Core Concepts
1. AI Model Deployment
What is AI model deployment?
AI model deployment is the process of taking a trained model (e.g., a .pt, .safetensors, .bin, or custom asset) and making it usable in the real world.
Typical deployment includes:
packaging model files
provisioning compute resources
handling Python environments and dependencies
exposing an API endpoint
managing versions
scaling the model for multiple users
handling retries, logging, timeouts, and errors
securing access
storing assets
monitoring usage
In most platforms, deployment is the hardest and most DevOps-heavy part of running AI.

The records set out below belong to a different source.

(* Let $M=(X,rk)$ be a matroid on a finite ground set $X$ with rank $r=rk(X)$. Then for every integer $j$ with $j>f_2(M)-r$, \[[y^j]T_M(1,y)=\binom{|X|-j-1}{r-1}-\sum_{\substack{H\in \mathcal{H}(M),\\ |H|>f_2(M)}} \binom{|H|-j-1}{r-1}.\]
   Context: $T_M(x,y)=\sum_{A\subseteq X}(x-1)^{r-rk(A)}(y-1)^{|A|-rk(A)}$ is the Tutte polynomial of $M$, and $[y^j]f(y)$ denotes the coefficient of $y^j$ in $f$. The closure of $A\subseteq X$ is $cl_M(A)=\{e\in X: rk(A\cup\{e\})=rk(A)\}$; a flat is a set $F$ with $cl_M(F)=F$; a hyperplane is a flat of rank $r-1$, and $\mathcal{H}(M)$ is the set of all hyperplanes of $M$. For $k\ge 1$, $f_k(M)=\max\{|F|: F \text{ a flat of } M,\ rk(F)=r-k\}$. *)

theory Defs
  imports "HOL-Computational_Algebra.Polynomial"
begin

definition matroid :: "'a set \<Rightarrow> ('a set \<Rightarrow> nat) \<Rightarrow> bool" where
  "matroid X rk \<longleftrightarrow> finite X
     \<and> (\<forall>A. A \<subseteq> X \<longrightarrow> rk A \<le> card A)
     \<and> (\<forall>A B. A \<subseteq> B \<and> B \<subseteq> X \<longrightarrow> rk A \<le> rk B)
     \<and> (\<forall>A B. A \<subseteq> X \<and> B \<subseteq> X \<longrightarrow> rk (A \<union> B) + rk (A \<inter> B) \<le> rk A + rk B)"

definition mclosure :: "'a set \<Rightarrow> ('a set \<Rightarrow> nat) \<Rightarrow> 'a set \<Rightarrow> 'a set" where
  "mclosure X rk A = {e \<in> X. rk (insert e A) = rk A}"

definition flat :: "'a set \<Rightarrow> ('a set \<Rightarrow> nat) \<Rightarrow> 'a set \<Rightarrow> bool" where
  "flat X rk F \<longleftrightarrow> F \<subseteq> X \<and> mclosure X rk F = F"

definition hyperplanes :: "'a set \<Rightarrow> ('a set \<Rightarrow> nat) \<Rightarrow> 'a set set" where
  "hyperplanes X rk = {H. flat X rk H \<and> rk H + 1 = rk X}"

definition fk :: "'a set \<Rightarrow> ('a set \<Rightarrow> nat) \<Rightarrow> nat \<Rightarrow> nat" where
  "fk X rk k = Max {card F | F. flat X rk F \<and> rk F + k = rk X}"

text \<open>Tutte polynomial as a bivariate polynomial: outer variable x, inner variable y.\<close>
definition tutte :: "'a set \<Rightarrow> ('a set \<Rightarrow> nat) \<Rightarrow> int poly poly" where
  "tutte X rk = (\<Sum>A\<in>Pow X. [:[:-1:], 1:] ^ (rk X - rk A) * [: [:-1, 1:] ^ (card A - rk A) :])"

definition binom_int :: "int \<Rightarrow> nat \<Rightarrow> int" where
  "binom_int n k = (if n < 0 then 0 else int (nat n choose k))"

end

How deployment works in Norman?
Norman automates the entire deployment lifecycle.
When you call:
Norman handles:
Asset ingestion → stores your model files securely
Configuration parsing → inputs, outputs, encodings, metadata
Automatic versioning
Dependency environment setup (per model)
Containerization & preparation
Routing into the Compute service
API availability → instantly invokable
Management & visibility in your Models Library
You never configure servers, build images, or write YAML. You simply upload the model - Norman deploys it.
AI Model Inference
What is AI model inference?
AI inference is the process of running a deployed model on input data to produce an output.
Common examples:
Sending an image → getting a classification
Sending text → receiving a completion
Uploading audio → receiving a transcription
Sending tensors → receiving tensors
Inference must be fast, reliable, reproducible, scalable and traceable.
Most real-world systems require queues, workers, file storage, and output routing.

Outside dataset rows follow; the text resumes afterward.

text \<open>Each fiber of the scaled-shift map has at most \<open>d = gcd(q - 1, n)\<close> elements:
  the scalar is determined by the exponent, and the exponents of a fiber are pairwise
  congruent modulo \<open>n/d\<close>.\<close>
lemma scaled_shift_fiber_le:
  assumes f: "\<not> h dvd f"
  shows "card {p \<in> (UNIV - {0}) \<times> {1..n}. scaled_shift f p = u} \<le> gcd (card (UNIV::'a set) - 1) n"
    (is "card ?F \<le> ?d")
proof -
  have "inj_on snd ?F"
  proof (rule inj_onI)
    fix p p' assume p: "p \<in> ?F" "p' \<in> ?F" "snd p = snd p'"
    let ?X = "monom 1 (snd p) * f"
    have "smult (fst p) ?X mod h = smult (fst p') ?X mod h"
      using p unfolding scaled_shift_def by simp
    hence "h dvd smult (fst p) ?X - smult (fst p') ?X"
      by (simp only: mod_eq_dvd_iff)
    hence "h dvd smult (fst p - fst p') ?X"
      by (simp add: smult_diff_left)
    moreover have "\<not> h dvd ?X" by (rule not_dvd_mult[OF not_dvd_monom f])
    ultimately have "fst p - fst p' = 0"
      using dvd_smult_cancel by blast
    hence "fst p = fst p'" by simp
    thus "p = p'" using p(3) by (simp add: prod_eq_iff)
  qed
  moreover have "card (snd ` ?F) \<le> ?d"
  proof (rule card_congruent_le)
    show "snd ` ?F \<subseteq> {1..<1 + n div ?d * ?d}" by auto
    fix j j' assume "j \<in> snd ` ?F" "j' \<in> snd ` ?F"
    then obtain p p' where p: "p \<in> ?F" "p' \<in> ?F" "j = snd p" "j' = snd p'"
      by blast
    hence "fst p \<noteq> 0" "fst p' \<noteq> 0" "scaled_shift f (fst p, j) = scaled_shift f (fst p', j')"
      by auto
    hence "[j * (card (UNIV::'a set) - 1) = j' * (card (UNIV::'a set) - 1)] (mod n)"
      by (rule scaled_shift_cong[OF f])
    thus "[j = j'] (mod n div ?d)"
      using cong_cancel_gcd n_pos by simp
  qed
  ultimately show ?thesis by (simp add: card_image)
qed

text \<open>If \<open>n (q - 1) = d (q^m - 1)\<close>, counting the pairs \<open>(c, j)\<close> shows that every fiber
  has exactly \<open>d\<close> elements; counting those landing where \<open>coord0\<close> does not vanish gives
  a weight formula independent of \<open>f\<close>.\<close>
lemma weight_formula:
  assumes f: "\<not> h dvd f"
    and balanced: "n * (card (UNIV::'a set) - 1) = gcd (card (UNIV::'a set) - 1) n * (card (UNIV::'a set) ^ degree h - 1)"
  shows "(card (UNIV::'a set) - 1) * hweight (codeword f)
       = gcd (card (UNIV::'a set) - 1) n * card {u \<in> residues. coord0 u \<noteq> 0}"
proof -
  let ?d = "gcd (card (UNIV::'a set) - 1) n"
  let ?P = "(UNIV - {0::'a}) \<times> {1..n}"
  have maps: "scaled_shift f ` ?P \<subseteq> residues"
    using scaled_shift_in_residues[OF f] by auto
  have "card ?P = ?d * card residues"
    using balanced by (simp add: card_cartesian_product card_Diff_singleton card_residues mult.commute)
  hence full: "card {p \<in> ?P. scaled_shift f p = u} = ?d" if "u \<in> residues" for u
    using fibers_full[OF _ maps finite_residues scaled_shift_fiber_le[OF f]] that by simp
  have "card {p \<in> ?P. scaled_shift f p \<in> {u \<in> residues. coord0 u \<noteq> 0}}
      = ?d * card {u \<in> residues. coord0 u \<noteq> 0}"
    by (rule card_preimage_full_fibers) (use full finite_residues in auto)
  moreover have "{p \<in> ?P. scaled_shift f p \<in> {u \<in> residues. coord0 u \<noteq> 0}}
      = (UNIV - {0}) \<times> {j \<in> {1..n}. coord0 (monom 1 j * f) \<noteq> 0}"
    using scaled_shift_in_residues[OF f]
    by (auto simp: scaled_shift_def coord0_mod coord0_smult)
  ultimately show ?thesis
    by (simp add: hweight_codeword card_cartesian_product card_Diff_singleton)
qed

end

theorem corollary5:
  fixes h :: "'a::{field,finite} poly" and q n m d r R b s :: nat
  assumes "q = card (UNIV :: 'a set)" and "q > 2"
    and "lead_coeff h = 1" and "irreducible h"
    and "m = degree h" and "m > 1"
    and "n = poly_ord h" and "n \<noteq> q ^ m - 1"
    and "d = gcd (q - 1) n" and "r = n div d"
    and "R = (q ^ m - 1) div (q - 1)" and "b = (q - 1) div d"
    and "s = num_cycles n h"
  shows "(s = b \<longrightarrow> (\<forall>c1\<in>cyc_code n h. \<forall>c2\<in>cyc_code n h.
              c1 \<noteq> 0 \<longrightarrow> c2 \<noteq> 0 \<longrightarrow> hweight c1 = hweight c2))
         \<and> (s = b \<longleftrightarrow> r = R) \<and> (r = R \<longleftrightarrow> gcd s R = 1)"
proof -
  interpret irreducible_of_order h n
    using assms(4-7) by unfold_locales auto
  have ns: "n * s = q ^ m - 1"
    using n_mult_num_cycles unfolding assms(1,5,13) .
  also have "\<dots> = R * (q - 1)"
    unfolding assms(11) using pred_dvd_power_pred[of q m] assms(2) by simp
  finally have "n * s = R * (q - 1)" .
  hence arith: "(s = b \<longleftrightarrow> r = R) \<and> (r = R \<longleftrightarrow> gcd s R = 1)"
    unfolding assms(9,10,12) using cycle_count_arith[of n s R "q - 1"] n_pos assms(2)
    by (simp add: gcd.commute)
  have "hweight c1 = hweight c2"
    if "s = b" and c: "c1 \<in> cyc_code n h" "c2 \<in> cyc_code n h" "c1 \<noteq> 0" "c2 \<noteq> 0" for c1 c2
  proof -
    have "q - 1 = d * s" unfolding \<open>s = b\<close> assms(9,12) by simp
    hence "n * (q - 1) = d * (q ^ m - 1)" unfolding ns[symmetric] by simp
    hence balanced: "n * (card (UNIV::'a set) - 1)
        = gcd (card (UNIV::'a set) - 1) n * (card (UNIV::'a set) ^ degree h - 1)"
      unfolding assms(1,5,9) .
    obtain f1 f2 where "c1 = codeword f1" "c2 = codeword f2" "\<not> h dvd f1" "\<not> h dvd f2"
      using c unfolding cyc_code_eq by (auto simp: codeword_eq_0_iff)
    hence "(q - 1) * hweight c1 = (q - 1) * hweight c2"
      using weight_formula[OF _ balanced] unfolding assms(1) by simp
    thus ?thesis using assms(2) by simp
  qed
  thus ?thesis using arith by blast
qed

end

How inference works in Norman
Norman turns inference into a single API call:
response = await norman.invoke({ "model_name": "image_reverser_model", "inputs": [ {"display_title": "Input", "data": "/path/to/file.png"} ] })
Behind the scenes Norman handles:
File upload/push (images, audio, text, tensors, etc.)
Task creation and scheduling
Execution inside the model’s environment
Deployment on CPU or GPU depending on model requirements
Automatic autoscaling based on load
Streaming logs and intermediate events
Output storage
Binary return via the SDK
Every invocation is fully tracked, observable, and saved for later inspection.
No infrastructure, no batching logic, no queue management — Norman abstracts all of it.